Змей видно не было, хотя в глубине пещерки что-то ворочалось, но там была темень — не разглядеть. Какая-то птичка спустилась из поднебесья и устроилась на сухом старом пне, посматривая на меня блестящими глазами-бусинками, а откуда-то издали, из долины, донеслось звяканье коровьего колокольчика.
Я осторожно подступил к пиджаку и потрогал его ногой. Ни под ним, ни в нем как будто не было ничего постороннего, и я рискнул наклониться, поднять его и встряхнуть. Потом подобрал ботинки, но надевать не стал — это значило бы задержаться, — а начал отступать по склону вниз, вниз, подавляя в себе яростное желание броситься бегом, скатиться с холма кубарем, лишь бы покончить с наваждением и добраться до машины. Но нет, я переступал еле-еле, осматривая каждый фут в поисках змей. Склон наверняка кишмя кишит ими: одна была у меня на груди, вторая скользнула по коленям, третья шуршала в глубине пещерки, и бог знает, сколько их тут еще.
Однако больше змей я не встретил. Зато наступил правой ногой на чертополох и до конца пути вынужден был идти на цыпочках, чтобы колючки, вцепившиеся в носок, не впивались еще больнее. Но змей не было — по крайней мере, они не показывались.

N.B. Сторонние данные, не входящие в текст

text \<open>The ideal generated by monomials is the monomial ideal they span; this turns membership
  in I and J into a condition on single monomials.\<close>
lemma ideal_gen_mon:
  assumes B: "\<forall>b\<in>B. Poly_Mapping.keys b \<subseteq> {..<n}"
  shows "ideal_gen n (mon ` B :: 'a::field mpoly set) = mon_ideal n B"
proof
  have "mon b \<in> (mon_ideal n B :: 'a mpoly set)" if "b \<in> B" for b
    using that B unfolding mon_ideal_def mon_def by (auto intro!: polyring_single bexI[of _ b])
  then have "mon ` B \<subseteq> (mon_ideal n B :: 'a mpoly set)" by blast
  then show "ideal_gen n (mon ` B) \<subseteq> (mon_ideal n B :: 'a mpoly set)"
    unfolding ideal_gen_def using mon_ideal_is_ideal[of n B] by blast
next
  show "mon_ideal n B \<subseteq> ideal_gen n (mon ` B :: 'a mpoly set)"
    unfolding ideal_gen_def
  proof (intro subsetI InterI, clarify)
    fix p :: "'a mpoly" and L :: "'a mpoly set"
    assume p: "p \<in> mon_ideal n B" and L: "is_ideal n L" "mon ` B \<subseteq> L"
    have "Poly_Mapping.single m (Poly_Mapping.lookup p m) \<in> L" if m: "m \<in> Poly_Mapping.keys p" for m
    proof -
      obtain b where b: "b \<in> B" "mdvd b m" using p m unfolding mon_ideal_def by blast
      have "Poly_Mapping.keys m \<subseteq> {..<n}" using p m unfolding mon_ideal_def polyring_def by blast
      then have "Poly_Mapping.keys (m - b) \<subseteq> {..<n}"
        using mdvd_decompose[OF b(2)] keys_add_exp by (metis Un_subset_iff)
      then have cofactor: "Poly_Mapping.single (m - b) (Poly_Mapping.lookup p m) \<in> polyring n"
        by (rule polyring_single)
      have "Poly_Mapping.single m (Poly_Mapping.lookup p m)
          = Poly_Mapping.single (m - b) (Poly_Mapping.lookup p m) * mon b"
        unfolding mon_def mult_single using mdvd_decompose[OF b(2)] by simp
      also have "\<dots> \<in> L" using L b cofactor unfolding is_ideal_def by blast
      finally show ?thesis .
    qed
    then show "p \<in> L" using is_ideal_sum[OF L(1)] sum_of_terms[of p] by metis
  qed
qed

lemma mon_ideal_vars_iff:
  "p \<in> mon_ideal n (unit_exp ` V)
     \<longleftrightarrow> p \<in> polyring n \<and> (\<forall>m\<in>Poly_Mapping.keys p. Poly_Mapping.keys m \<inter> V \<noteq> {})"
  unfolding mon_ideal_def using mdvd_unit_exp by blast

lemma mon_ideal_vars_no_constant: "p \<in> mon_ideal n (unit_exp ` V) \<Longrightarrow> Poly_Mapping.lookup p 0 = 0"
  unfolding mon_ideal_vars_iff by (metis in_keys_iff inf_bot_left keys_zero)

lemma var_in_mon_ideal_vars: "i \<in> V \<Longrightarrow> i < n \<Longrightarrow> var i \<in> mon_ideal n (unit_exp ` V)"
  unfolding mon_ideal_vars_iff using polyring_var by (auto simp: var_def mon_def)

lemma mon_ideal_coeff_var:
  assumes "\<forall>b\<in>B. \<not> mdvd b (unit_exp i)" "p \<in> mon_ideal n B"
  shows "Poly_Mapping.lookup p (unit_exp i) = 0"
  using assms unfolding mon_ideal_def by (auto simp: in_keys_iff)

definition mon_part :: "((nat \<Rightarrow>\<^sub>0 nat) \<Rightarrow> bool) \<Rightarrow> ('a::field) mpoly \<Rightarrow> 'a mpoly" where
  "mon_part P p = Poly_Mapping.mapp (\<lambda>m c. if P m then c else 0) p"

lemma lookup_mon_part:
  "Poly_Mapping.lookup (mon_part P p) m = (if P m then Poly_Mapping.lookup p m else 0)"
  unfolding mon_part_def by (auto simp: lookup_mapp when_def in_keys_iff)

lemma keys_mon_part: "m \<in> Poly_Mapping.keys (mon_part P p) \<longleftrightarrow> m \<in> Poly_Mapping.keys p \<and> P m"
  by (auto simp: in_keys_iff lookup_mon_part)

lemma keys_mon_part_rest:
  "m \<in> Poly_Mapping.keys (p - mon_part P p) \<longleftrightarrow> m \<in> Poly_Mapping.keys p \<and> \<not> P m"
  by (auto simp: in_keys_iff lookup_mon_part lookup_minus)

lemma polyring_mon_part: "p \<in> polyring n \<Longrightarrow> mon_part P p \<in> polyring n"
  unfolding polyring_def by (auto simp: keys_mon_part)

lemma mon_part_in_mon_ideal:
  "p \<in> polyring n \<Longrightarrow> mon_part (\<lambda>m. \<exists>b\<in>B. mdvd b m) p \<in> mon_ideal n B"
  unfolding mon_ideal_def by (auto simp: polyring_mon_part keys_mon_part)

section \<open>The sum of the variables is a regular element\<close>

definition var_sum :: "nat \<Rightarrow> ('a::field) mpoly" where
  "var_sum n = (\<Sum>k<n. var k)"

lemma var_no_constant: "Poly_Mapping.lookup (var k) 0 = 0"
  by (simp add: var_def mon_def lookup_single when_def poly_mapping_eq_iff fun_eq_iff)

lemma var_sum_max_ideal: "var_sum n \<in> max_ideal n"
proof -
  have "var_sum n \<in> polyring n" unfolding var_sum_def by (intro polyring_sum polyring_var) simp
  then show ?thesis unfolding max_ideal_def var_sum_def by (simp add: lookup_sum var_no_constant)
qed

lemma lookup_single_mult:
  "Poly_Mapping.lookup (Poly_Mapping.single k c * p) (k + l)
     = (c::'b::comm_semiring_1) * Poly_Mapping.lookup p (l::'k::cancel_comm_monoid_add)"
proof -
  have "Poly_Mapping.lookup (Poly_Mapping.single k c * p) (k + l) =
     (\<Sum>l'. (c when k = l') * (\<Sum>q. Poly_Mapping.lookup p q when k + l = l' + q))"
    by (simp add: lookup_mult lookup_single)
  also have "\<dots> = c * (\<Sum>q. Poly_Mapping.lookup p q when k + l = k + q)"
    by (simp add: when_mult)
  also have "\<dots> = c * Poly_Mapping.lookup p l"
    by (simp add: eq_commute)
  finally show ?thesis .
qed

text \<open>A sufficient condition for the library's (lexicographic) order on exponent vectors.\<close>
lemma lex_less_exp:
  assumes "Poly_Mapping.lookup m i < Poly_Mapping.lookup c i"
    and "\<And>k. k < i \<Longrightarrow> Poly_Mapping.lookup m k = Poly_Mapping.lookup c k"
  shows "m < (c :: nat \<Rightarrow>\<^sub>0 nat)"
  using assms by transfer (auto simp: less_fun_def)

text \<open>Let m be the lexicographically largest monomial of u and x_i its smallest variable.
  Then m x_i arises in x_k u only for k = i: any other preimage would exceed m.\<close>
lemma lookup_var_mult_at_lead:
  fixes u :: "'a::field mpoly"
  assumes m: "m = Max (Poly_Mapping.keys u)" and i: "i = Min (Poly_Mapping.keys m)" "m \<noteq> 0"
    and k: "k \<noteq> i"
  shows "Poly_Mapping.lookup (var k * u) (m + unit_exp i) = 0"
proof (rule ccontr)
  assume "Poly_Mapping.lookup (var k * u) (m + unit_exp i) \<noteq> 0"
  then obtain c where c: "m + unit_exp i = unit_exp k + c" "c \<in> Poly_Mapping.keys u"
    using keys_mult[of "var k" u] by (auto simp: in_keys_iff[symmetric] var_def mon_def)
  have coeff: "\<And>j. Poly_Mapping.lookup m j + Poly_Mapping.lookup (unit_exp i) j
      = Poly_Mapping.lookup (unit_exp k) j + Poly_Mapping.lookup c j"
    using c(1) by (metis lookup_add)
  have "k \<in> Poly_Mapping.keys m" using coeff[of k] k by (simp add: lookup_single in_keys_iff)
  then have "i < k" using i k by (simp add: order_neq_le_trans)
  have "m < c"
  proof (rule lex_less_exp[of _ i])
    show "Poly_Mapping.lookup m i < Poly_Mapping.lookup c i" using coeff[of i] k by (simp add: lookup_single)
    show "Poly_Mapping.lookup m j = Poly_Mapping.lookup c j" if "j < i" for j
      using coeff[of j] that \<open>i < k\<close> by (simp add: lookup_single)
  qed
  moreover have "c \<le> m" using c(2) m by simp
  ultimately show False by simp
qed

lemma lookup_var_sum_mult_at_lead:
  fixes u :: "'a::field mpoly"
  assumes m: "m = Max (Poly_Mapping.keys u)" and i: "i = Min (Poly_Mapping.keys m)" "m \<noteq> 0"
    and "i < n"
  shows "Poly_Mapping.lookup (var_sum n * u) (m + unit_exp i) = Poly_Mapping.lookup u m"
proof -
  have "Poly_Mapping.lookup (var_sum n * u) (m + unit_exp i)
      = (\<Sum>k<n. Poly_Mapping.lookup (var k * u) (m + unit_exp i))"
    unfolding var_sum_def sum_distrib_right lookup_sum ..
  also have "\<dots> = Poly_Mapping.lookup (var i * u) (m + unit_exp i)"
    using \<open>i < n\<close> lookup_var_mult_at_lead[OF m i]
    by (subst sum.remove[of _ i]) (auto intro!: sum.neutral)
  also have "\<dots> = Poly_Mapping.lookup u m"
    using lookup_single_mult[of "unit_exp i" "1::'a" u m] by (simp add: add.commute var_def mon_def)
  finally show ?thesis .
qed

lemma sqfree_mdvd_add_unit_exp:
  assumes "\<forall>j. Poly_Mapping.lookup b j \<le> 1" "i \<in> Poly_Mapping.keys m" "mdvd b (m + unit_exp i)"
  shows "mdvd b m"
  unfolding mdvd_def
proof
  fix j
  show "Poly_Mapping.lookup b j \<le> Poly_Mapping.lookup m j"
  proof (cases "j = i")
    case True
    then show ?thesis using assms(1,2) by (metis in_keys_iff le_trans less_one not_le)
  next
    case False
    then show ?thesis using assms(3) unfolding mdvd_def by (metis lookup_add lookup_single_not_eq add_0_right)
  qed
qed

А может, мелькнула мысль, змеи испугались меня не меньше, чем я их?.. Ну нет, они-то не испугались. Я наконец заметил, что весь дрожу, даже зубы стучат. У подножия холма, подле самой дороги, я бессильно опустился на травку, подальше от зарослей и валунов, где могли таиться змеи, и выковырял колючки. Потом попытался надеть ботинки, но руки тряслись и не слушались, и только тут до меня дошло, как я был перепуган, но едва я постиг глубину своего страха, как испугался еще сильнее.

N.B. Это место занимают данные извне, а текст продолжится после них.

lemma sorted_wrt_unique:
  assumes asym: "\<And>x y. R x y \<Longrightarrow> \<not> R y x"
  shows "sorted_wrt R xs \<Longrightarrow> sorted_wrt R ys \<Longrightarrow> set xs = set ys \<Longrightarrow> xs = ys"
proof (induction xs arbitrary: ys)
  case Nil
  then show ?case by simp
next
  case (Cons x xs)
  then obtain y ys' where ys: "ys = y # ys'" by (cases ys) auto
  have "x = y"
  proof (rule ccontr)
    assume "x \<noteq> y"
    then have "x \<in> set ys'" "y \<in> set xs" using Cons.prems ys by auto
    then have "R y x" "R x y" using Cons.prems(1,2) ys by auto
    then show False using asym by blast
  qed
  moreover have "\<not> R z z" for z using asym by blast
  then have "x \<notin> set xs" "y \<notin> set ys'" using Cons.prems ys by auto
  ultimately have "set xs = set ys'" using Cons.prems(3) ys by auto
  then have "xs = ys'" using Cons ys by simp
  with \<open>x = y\<close> show ?case using ys by simp
qed

lemma chi_sorted_exists:
  assumes "finite V"
  shows "\<exists>xs. set xs = V \<and> sorted_wrt (chi_less \<chi>) xs"
proof -
  let ?L = "sorted_list_of_set {v\<in>V. \<chi> v = Lft}"
  let ?R = "sorted_list_of_set {v\<in>V. \<chi> v = Rgt}"
  have "set (?L @ rev ?R) = V" using assms by (auto intro: side.exhaust)
  moreover have "sorted_wrt (chi_less \<chi>) ?L" "sorted_wrt (\<lambda>x y. chi_less \<chi> y x) ?R"
    by (rule sorted_wrt_mono_rel[OF _ strict_sorted_list_of_set];
        use assms in \<open>auto simp: chi_less_def\<close>)+
  then have "sorted_wrt (chi_less \<chi>) (?L @ rev ?R)"
    unfolding sorted_wrt_append sorted_wrt_rev using assms by (auto simp: chi_less_def)
  ultimately show ?thesis by blast
qed

lemma
  assumes "finite V"
  shows set_chi_sorted: "set (chi_sorted \<chi> V) = V"
    and sorted_wrt_chi_sorted: "sorted_wrt (chi_less \<chi>) (chi_sorted \<chi> V)"
proof -
  have "\<exists>!xs. set xs = V \<and> sorted_wrt (chi_less \<chi>) xs"
    using chi_sorted_exists[OF assms] sorted_wrt_unique[of "chi_less \<chi>"] chi_less_asym by metis
  then have "set (chi_sorted \<chi> V) = V \<and> sorted_wrt (chi_less \<chi>) (chi_sorted \<chi> V)"
    unfolding chi_sorted_def by (rule theI')
  then show "set (chi_sorted \<chi> V) = V" "sorted_wrt (chi_less \<chi>) (chi_sorted \<chi> V)" by auto
qed

lemma distinct_if_sorted_wrt_chi_less: "sorted_wrt (chi_less \<chi>) xs \<Longrightarrow> distinct xs"
  by (induction xs) (auto simp: chi_less_irrefl)

definition chi_rank :: "(nat \<Rightarrow> side) \<Rightarrow> nat set \<Rightarrow> nat \<Rightarrow> nat" where
  "chi_rank \<chi> V y = card {v\<in>V. chi_less \<chi> v y}"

Желудок поднялся к горлу и ударил меня в лицо, но сил хватило лишь на то, чтобы перекатиться на бок. Меня вырвало, и спазмы продолжались еще долго после того, как в желудке совсем ничего не осталось.
И все-таки мне полегчало, и в конце концов я отер подбородок, ухитрился надеть ботинки и даже завязать шнурки, а потом доковылял до машины и прислонился к ней, чуть не обнял ее от счастья. И, обнимаясь с уродливой кучей железа, я понял, что машина отнюдь не застряла. Канава была куда мельче, чем я вообразил накануне.
Я залез в машину и протиснулся за баранку. Ключи обнаружились у меня в кармане, мотор завелся без промедления. Машина тронулась как ни в чем не бывало, и я поехал вниз по дороге — в направлении, обратном вчерашнему.
Было раннее утро, солнце взошло, вероятно, не более часа назад. Паутина, заткавшая придорожную траву, еще блестела от росы, а в небе крутились жаворонки, роняя на землю обрывки своих звонких песен.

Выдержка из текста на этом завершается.